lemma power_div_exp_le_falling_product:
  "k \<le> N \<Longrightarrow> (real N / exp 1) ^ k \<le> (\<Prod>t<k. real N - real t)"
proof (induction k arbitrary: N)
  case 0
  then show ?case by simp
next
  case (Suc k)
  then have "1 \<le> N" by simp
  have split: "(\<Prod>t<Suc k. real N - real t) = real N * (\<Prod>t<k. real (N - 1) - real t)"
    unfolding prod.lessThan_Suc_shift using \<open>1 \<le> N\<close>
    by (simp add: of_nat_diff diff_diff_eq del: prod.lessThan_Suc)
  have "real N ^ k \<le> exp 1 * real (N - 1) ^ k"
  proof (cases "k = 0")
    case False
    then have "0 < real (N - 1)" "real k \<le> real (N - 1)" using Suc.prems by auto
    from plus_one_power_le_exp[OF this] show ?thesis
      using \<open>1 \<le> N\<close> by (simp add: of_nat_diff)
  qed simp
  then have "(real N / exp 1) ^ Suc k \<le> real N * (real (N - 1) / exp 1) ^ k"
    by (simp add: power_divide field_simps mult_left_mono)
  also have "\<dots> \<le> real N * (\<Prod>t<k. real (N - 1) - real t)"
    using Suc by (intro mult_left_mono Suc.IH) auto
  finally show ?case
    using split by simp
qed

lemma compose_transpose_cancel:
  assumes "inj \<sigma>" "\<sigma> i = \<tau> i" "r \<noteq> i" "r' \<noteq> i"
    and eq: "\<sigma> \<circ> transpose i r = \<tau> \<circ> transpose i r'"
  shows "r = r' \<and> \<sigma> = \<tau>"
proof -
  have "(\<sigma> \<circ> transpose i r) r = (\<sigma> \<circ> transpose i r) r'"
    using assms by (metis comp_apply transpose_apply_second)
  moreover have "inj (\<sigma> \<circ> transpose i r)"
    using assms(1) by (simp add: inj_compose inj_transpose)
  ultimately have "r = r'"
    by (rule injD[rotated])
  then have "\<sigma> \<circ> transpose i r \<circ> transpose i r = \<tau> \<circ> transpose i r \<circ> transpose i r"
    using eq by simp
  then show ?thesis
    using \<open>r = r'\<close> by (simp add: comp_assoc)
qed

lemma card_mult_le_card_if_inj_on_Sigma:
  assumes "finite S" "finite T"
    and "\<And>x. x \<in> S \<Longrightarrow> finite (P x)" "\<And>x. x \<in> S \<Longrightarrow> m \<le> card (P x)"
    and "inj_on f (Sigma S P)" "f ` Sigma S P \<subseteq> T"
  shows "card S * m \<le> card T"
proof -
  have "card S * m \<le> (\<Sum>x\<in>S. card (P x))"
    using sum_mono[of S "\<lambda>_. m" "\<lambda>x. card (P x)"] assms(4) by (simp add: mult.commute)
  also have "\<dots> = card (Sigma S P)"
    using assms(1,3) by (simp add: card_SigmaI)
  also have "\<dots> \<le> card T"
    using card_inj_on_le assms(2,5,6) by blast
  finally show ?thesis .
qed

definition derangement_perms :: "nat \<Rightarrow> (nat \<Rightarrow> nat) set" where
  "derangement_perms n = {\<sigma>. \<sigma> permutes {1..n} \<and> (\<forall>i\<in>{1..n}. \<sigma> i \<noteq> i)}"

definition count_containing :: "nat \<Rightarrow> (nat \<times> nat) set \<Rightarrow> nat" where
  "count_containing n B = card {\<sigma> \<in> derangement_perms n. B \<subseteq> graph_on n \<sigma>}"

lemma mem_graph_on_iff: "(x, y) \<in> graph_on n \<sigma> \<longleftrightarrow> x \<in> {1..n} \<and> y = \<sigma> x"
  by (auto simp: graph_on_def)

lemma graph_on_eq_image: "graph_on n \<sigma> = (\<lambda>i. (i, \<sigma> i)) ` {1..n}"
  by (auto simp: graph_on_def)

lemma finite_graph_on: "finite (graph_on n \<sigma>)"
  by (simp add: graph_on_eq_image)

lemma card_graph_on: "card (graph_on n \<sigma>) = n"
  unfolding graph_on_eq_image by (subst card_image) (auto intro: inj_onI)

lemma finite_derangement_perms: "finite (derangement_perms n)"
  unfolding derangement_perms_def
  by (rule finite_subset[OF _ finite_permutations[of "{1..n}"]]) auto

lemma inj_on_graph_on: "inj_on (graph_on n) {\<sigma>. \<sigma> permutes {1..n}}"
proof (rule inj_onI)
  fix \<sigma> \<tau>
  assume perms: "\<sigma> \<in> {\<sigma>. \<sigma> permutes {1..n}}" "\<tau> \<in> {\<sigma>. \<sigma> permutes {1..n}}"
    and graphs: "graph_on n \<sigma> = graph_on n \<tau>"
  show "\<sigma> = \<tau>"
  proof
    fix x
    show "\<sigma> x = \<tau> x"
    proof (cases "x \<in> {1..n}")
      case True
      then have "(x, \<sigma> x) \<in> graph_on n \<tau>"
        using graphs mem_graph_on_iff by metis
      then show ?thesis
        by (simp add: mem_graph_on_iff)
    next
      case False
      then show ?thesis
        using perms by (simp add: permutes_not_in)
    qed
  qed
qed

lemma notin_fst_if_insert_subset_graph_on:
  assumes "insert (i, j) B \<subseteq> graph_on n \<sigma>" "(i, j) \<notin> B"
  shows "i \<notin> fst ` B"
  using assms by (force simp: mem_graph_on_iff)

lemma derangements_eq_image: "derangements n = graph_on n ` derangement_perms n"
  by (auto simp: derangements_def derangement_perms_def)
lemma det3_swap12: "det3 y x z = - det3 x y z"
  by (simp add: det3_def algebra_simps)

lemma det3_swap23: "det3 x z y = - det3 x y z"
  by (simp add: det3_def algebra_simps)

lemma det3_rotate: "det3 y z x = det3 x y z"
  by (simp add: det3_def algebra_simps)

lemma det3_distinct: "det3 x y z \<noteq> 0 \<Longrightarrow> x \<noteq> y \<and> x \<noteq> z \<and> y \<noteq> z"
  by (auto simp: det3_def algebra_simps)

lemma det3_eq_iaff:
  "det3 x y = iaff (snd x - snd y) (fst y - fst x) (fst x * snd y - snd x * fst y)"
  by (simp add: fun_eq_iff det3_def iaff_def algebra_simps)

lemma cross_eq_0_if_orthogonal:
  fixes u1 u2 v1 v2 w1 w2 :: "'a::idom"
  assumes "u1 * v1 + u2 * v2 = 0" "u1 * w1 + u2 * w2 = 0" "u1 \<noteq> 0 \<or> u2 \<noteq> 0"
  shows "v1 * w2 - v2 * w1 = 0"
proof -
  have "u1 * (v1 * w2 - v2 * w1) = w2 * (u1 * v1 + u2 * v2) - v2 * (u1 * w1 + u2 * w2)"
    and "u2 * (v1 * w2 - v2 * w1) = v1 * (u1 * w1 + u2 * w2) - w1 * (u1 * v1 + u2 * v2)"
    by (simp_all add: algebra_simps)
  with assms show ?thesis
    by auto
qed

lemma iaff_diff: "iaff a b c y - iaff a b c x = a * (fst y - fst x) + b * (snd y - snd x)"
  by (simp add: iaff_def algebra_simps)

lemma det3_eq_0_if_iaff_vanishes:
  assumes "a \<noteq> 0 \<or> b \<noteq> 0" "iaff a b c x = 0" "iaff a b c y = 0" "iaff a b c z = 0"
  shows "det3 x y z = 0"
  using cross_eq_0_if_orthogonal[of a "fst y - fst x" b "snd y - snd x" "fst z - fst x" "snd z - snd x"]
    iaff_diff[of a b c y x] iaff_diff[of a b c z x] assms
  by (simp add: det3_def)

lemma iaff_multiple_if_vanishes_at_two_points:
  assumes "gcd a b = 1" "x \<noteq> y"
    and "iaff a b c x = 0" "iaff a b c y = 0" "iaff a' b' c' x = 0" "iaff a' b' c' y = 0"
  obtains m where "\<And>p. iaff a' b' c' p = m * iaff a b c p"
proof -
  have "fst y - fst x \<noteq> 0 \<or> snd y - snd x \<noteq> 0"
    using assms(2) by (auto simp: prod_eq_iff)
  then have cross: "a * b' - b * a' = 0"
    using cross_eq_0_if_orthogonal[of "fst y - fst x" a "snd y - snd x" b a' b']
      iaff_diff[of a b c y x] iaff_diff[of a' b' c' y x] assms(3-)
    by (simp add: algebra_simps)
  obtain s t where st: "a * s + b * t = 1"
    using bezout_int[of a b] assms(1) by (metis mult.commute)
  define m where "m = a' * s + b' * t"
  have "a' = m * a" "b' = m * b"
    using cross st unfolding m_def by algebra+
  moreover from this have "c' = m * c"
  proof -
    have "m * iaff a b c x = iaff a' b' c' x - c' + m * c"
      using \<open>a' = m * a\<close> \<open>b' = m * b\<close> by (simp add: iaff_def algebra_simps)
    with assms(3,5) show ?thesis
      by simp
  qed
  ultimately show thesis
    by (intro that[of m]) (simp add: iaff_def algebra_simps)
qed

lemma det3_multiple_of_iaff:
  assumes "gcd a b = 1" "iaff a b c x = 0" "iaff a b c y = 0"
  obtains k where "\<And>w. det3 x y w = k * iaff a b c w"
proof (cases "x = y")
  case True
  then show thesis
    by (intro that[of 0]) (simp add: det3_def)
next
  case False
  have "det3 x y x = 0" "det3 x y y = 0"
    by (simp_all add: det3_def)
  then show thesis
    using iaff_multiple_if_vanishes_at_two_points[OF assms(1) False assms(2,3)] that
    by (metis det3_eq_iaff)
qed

============================================================

▶ INSTRUCTIONS FOR THE TASK: The expected answer is an exact copy of the lines above, beginning at the line with "(nat \<Rightarrow> nat)" and ending at the line with "derangement_perms n. B", with both ends in.

▶ ANSWER BOX:
definition derangement_perms :: "nat \<Rightarrow> (nat \<Rightarrow> nat) set" where
  "derangement_perms n = {\<sigma>. \<sigma> permutes {1..n} \<and> (\<forall>i\<in>{1..n}. \<sigma> i \<noteq> i)}"

definition count_containing :: "nat \<Rightarrow> (nat \<times> nat) set \<Rightarrow> nat" where
  "count_containing n B = card {\<sigma> \<in> derangement_perms n. B \<subseteq> graph_on n \<sigma>}"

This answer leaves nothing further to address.